↓

(* Let $a,d,b,k\in\mathbb{P}$ with $\gcd(a,d)=1$, $b\geq 2$ and $a\geq k-1$, and let $$A=\left(a,\ ba+d,\ b^2a+\tfrac{b^2-1}{b-1}d,\ \dots,\ b^ka+\tfrac{b^k-1}{b-1}d\right).$$ Then $$F(A)=\left((b-1)a-b+d+S_{a-1}\right)a-d,\qquad g(A)=\sum_{r=1}^{a-1}S_r+\frac{(a-1)\big((b-1)a+d-1\big)}{2},$$ where $S_r=\sum_{i=1}^k x_i$ for $(x_1,\dots,x_k)$ the greedy presentation of $r$ (in particular $x_k=\lfloor (b-1)r/(b^k-1)\rfloor$).
   Context: $\mathbb{P}$ denotes the positive integers, $\mathbb{N}$ the nonnegative integers. $\langle A\rangle$ is the numerical semigroup of all $\mathbb{N}$-linear combinations of entries of $A$; $F(A)$ is the largest integer not in $\langle A\rangle$ and $g(A)$ is the number of positive integers not in $\langle A\rangle$. Let $B_i=\frac{b^i-1}{b-1}$. The greedy presentation of $r\in\mathbb{N}$ is the tuple $(x_1,\dots,x_k)\in\mathbb{N}^k$ with $\sum_i B_i x_i=r$ obtained by the greedy algorithm (take $x_k$ maximal, then $x_{k-1}$ maximal for the remainder, etc.); equivalently $x_k=\lfloor (b-1)r/(b^k-1)\rfloor$, $x_i\in\{0,\dots,b\}$ for $i\le k-1$, and if $2\le i\le k-1$ and $x_i=b$ then $x_1=\dots=x_{i-1}=0$. *)

theory Defs
  imports Complex_Main
begin

definition gen_semigroup :: "nat list \<Rightarrow> nat set" where
  "gen_semigroup A = {n. \<exists>c :: nat \<Rightarrow> nat. n = (\<Sum>i<length A. c i * A ! i)}"

definition frobenius :: "nat list \<Rightarrow> int" where
  "frobenius A = (GREATEST z :: int. z \<notin> int ` gen_semigroup A)"

definition genus :: "nat list \<Rightarrow> nat" where
  "genus A = card {n :: nat. 0 < n \<and> n \<notin> gen_semigroup A}"

definition Bnum :: "nat \<Rightarrow> nat \<Rightarrow> nat" where
  "Bnum b i = (b ^ i - 1) div (b - 1)"

text \<open>Greedy presentation of r with respect to B_1, ..., B_k:
  greedy b k r i is the coordinate x_i (for 1 <= i <= k).
  x_k = r div B_k (maximal), then recurse on the remainder.\<close>
fun greedy :: "nat \<Rightarrow> nat \<Rightarrow> nat \<Rightarrow> nat \<Rightarrow> nat" where
  "greedy b 0 r i = 0"
| "greedy b (Suc k) r i =
     (if i = Suc k then r div Bnum b (Suc k)
      else greedy b k (r mod Bnum b (Suc k)) i)"

definition Ssum :: "nat \<Rightarrow> nat \<Rightarrow> nat \<Rightarrow> nat" where
  "Ssum b k r = (\<Sum>i = 1..k. greedy b k r i)"

definition gens :: "nat \<Rightarrow> nat \<Rightarrow> nat \<Rightarrow> nat \<Rightarrow> nat list" where
  "gens a d b k = map (\<lambda>i. b ^ i * a + Bnum b i * d) [0..<k+1]"

end

theory Submission
  imports Defs "HOL-Number_Theory.Cong"
begin

text \<open>
  Since \<open>b\<^sup>i = (b - 1) B\<^sub>i + 1\<close>, a combination \<open>\<Sum> c\<^sub>i (b\<^sup>i a + B\<^sub>i d)\<close> equals
  \<open>(c\<^sub>0 + (b - 1) R + \<Sum>\<^sub>i\<^sub>\<ge>\<^sub>1 c\<^sub>i) a + R d\<close> with \<open>R = \<Sum>\<^sub>i\<^sub>\<ge>\<^sub>1 c\<^sub>i B\<^sub>i\<close>. The greedy
  presentation of \<open>R\<close> has the fewest parts, so \<open>n \<in> \<langle>A\<rangle>\<close> iff \<open>n = m a + R d\<close> with
  \<open>m \<ge> (b - 1) R + S\<^sub>R\<close>. Replacing \<open>R\<close> by \<open>R mod a\<close> only weakens this bound, so the Apery
  set of \<open>\<langle>A\<rangle>\<close> with respect to \<open>a\<close> consists of \<open>w\<^sub>r = ((b - 1) r + S\<^sub>r) a + r d\<close>,
  \<open>r < a\<close>; these lie in distinct residue classes because \<open>gcd a d = 1\<close>. Selmer's formulas
  \<open>F = max w\<^sub>r - a\<close> and \<open>g = \<Sum> \<lfloor>w\<^sub>r / a\<rfloor>\<close>, the monotonicity of \<open>w\<close>, and
  \<open>\<Sum>\<^sub>r\<^sub><\<^sub>a \<lfloor>r d / a\<rfloor> = (a - 1)(d - 1)/2\<close> give the result.
\<close>

section \<open>Apery sets and Selmer's formulas\<close>

lemma zero_mem_gen_semigroup: "0 \<in> gen_semigroup A"
  unfolding gen_semigroup_def by (auto intro: exI[of _ "\<lambda>_. 0"])

text \<open>\<open>w\<close> enumerates the Apery set \<open>{s \<in> S. s - a \<notin> S}\<close> of \<open>S = \<langle>A\<rangle>\<close> with respect to \<open>a\<close>.\<close>
locale apery_set =
  fixes A :: "nat list" and a :: nat and w :: "nat \<Rightarrow> nat"
  assumes modulus_pos: "0 < a"
    and residues_inj: "inj_on (\<lambda>r. w r mod a) {..<a}"
    and gen_semigroup_eq: "gen_semigroup A = {w r + t * a | r t. r < a}"
begin

lemma residue_surj: "\<exists>r<a. w r mod a = n mod a"
proof -
  have "(\<lambda>r. w r mod a) ` {..<a} = {..<a}"
    using modulus_pos by (intro endo_inj_surj residues_inj) auto
  moreover have "n mod a \<in> {..<a}"
    using modulus_pos by simp
  ultimately have "n mod a \<in> (\<lambda>r. w r mod a) ` {..<a}"
    by simp
  then show ?thesis
    by force
qed

lemma mem_gen_semigroup_iff:
  assumes "r < a" and "w r mod a = n mod a"
  shows "n \<in> gen_semigroup A \<longleftrightarrow> w r \<le> n"
proof
  assume "n \<in> gen_semigroup A"
  then obtain r' t where "r' < a" and n: "n = w r' + t * a"
    by (auto simp: gen_semigroup_eq)
  then have "r' = r"
    using assms residues_inj by (auto dest: inj_onD)
  then show "w r \<le> n"
    using n by simp
next
  assume "w r \<le> n"
  then obtain t where "n = w r + a * t"
    using mod_eq_nat1E[OF assms(2)[symmetric]] by blast
  then have "n = w r + t * a"
    by (simp add: mult.commute)
  then show "n \<in> gen_semigroup A"
    using assms(1) by (auto simp: gen_semigroup_eq)
qed

lemma gaps_eq:
  "{n. 0 < n \<and> n \<notin> gen_semigroup A}
     = (\<lambda>(r, t). w r - t * a) ` (SIGMA r:{..<a}. {1..w r div a})"
proof (intro equalityI subsetI)
  fix n assume "n \<in> {n. 0 < n \<and> n \<notin> gen_semigroup A}"
  then have "n \<notin> gen_semigroup A" by simp
  obtain r where r: "r < a" "w r mod a = n mod a"
    using residue_surj by blast
  then have "n < w r"
    using \<open>n \<notin> gen_semigroup A\<close> mem_gen_semigroup_iff[OF r] by simp
  then obtain t where t: "w r = n + a * t"
    using mod_eq_nat1E[OF r(2)] by (meson less_imp_le)
  then have "1 \<le> t"
    using \<open>n < w r\<close> by (cases t) auto
  moreover have "t \<le> w r div a"
    using t modulus_pos by (simp add: less_eq_div_iff_mult_less_eq)
  moreover have "n = w r - t * a"
    using t \<open>n < w r\<close> by simp
  ultimately show "n \<in> (\<lambda>(r, t). w r - t * a) ` (SIGMA r:{..<a}. {1..w r div a})"
    using r(1) by (intro image_eqI[of _ _ "(r, t)"]) auto
next
  fix n assume "n \<in> (\<lambda>(r, t). w r - t * a) ` (SIGMA r:{..<a}. {1..w r div a})"
  then obtain r t where r: "r < a" and t: "1 \<le> t" "t * a \<le> w r" and n: "n = w r - t * a"
    using modulus_pos by (auto simp: less_eq_div_iff_mult_less_eq)
  then have "w r = n + t * a"
    by simp
  then have "w r mod a = n mod a"
    by simp
  moreover have "n < w r"
  proof -
    have "0 < t * a"
      using t(1) modulus_pos by simp
    then show ?thesis
      using n t(2) by linarith
  qed
  ultimately have "n \<notin> gen_semigroup A"
    using r mem_gen_semigroup_iff by simp
  then show "n \<in> {n. 0 < n \<and> n \<notin> gen_semigroup A}"
    using zero_mem_gen_semigroup by (auto intro: gr0I)
qed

↑

(THE PROBLEM) Go through the records. Copy each line where "imports" appears.

(ANSWER TO THIS PROBLEM)
  imports Complex_Main
  imports Defs "HOL-Number_Theory.Cong"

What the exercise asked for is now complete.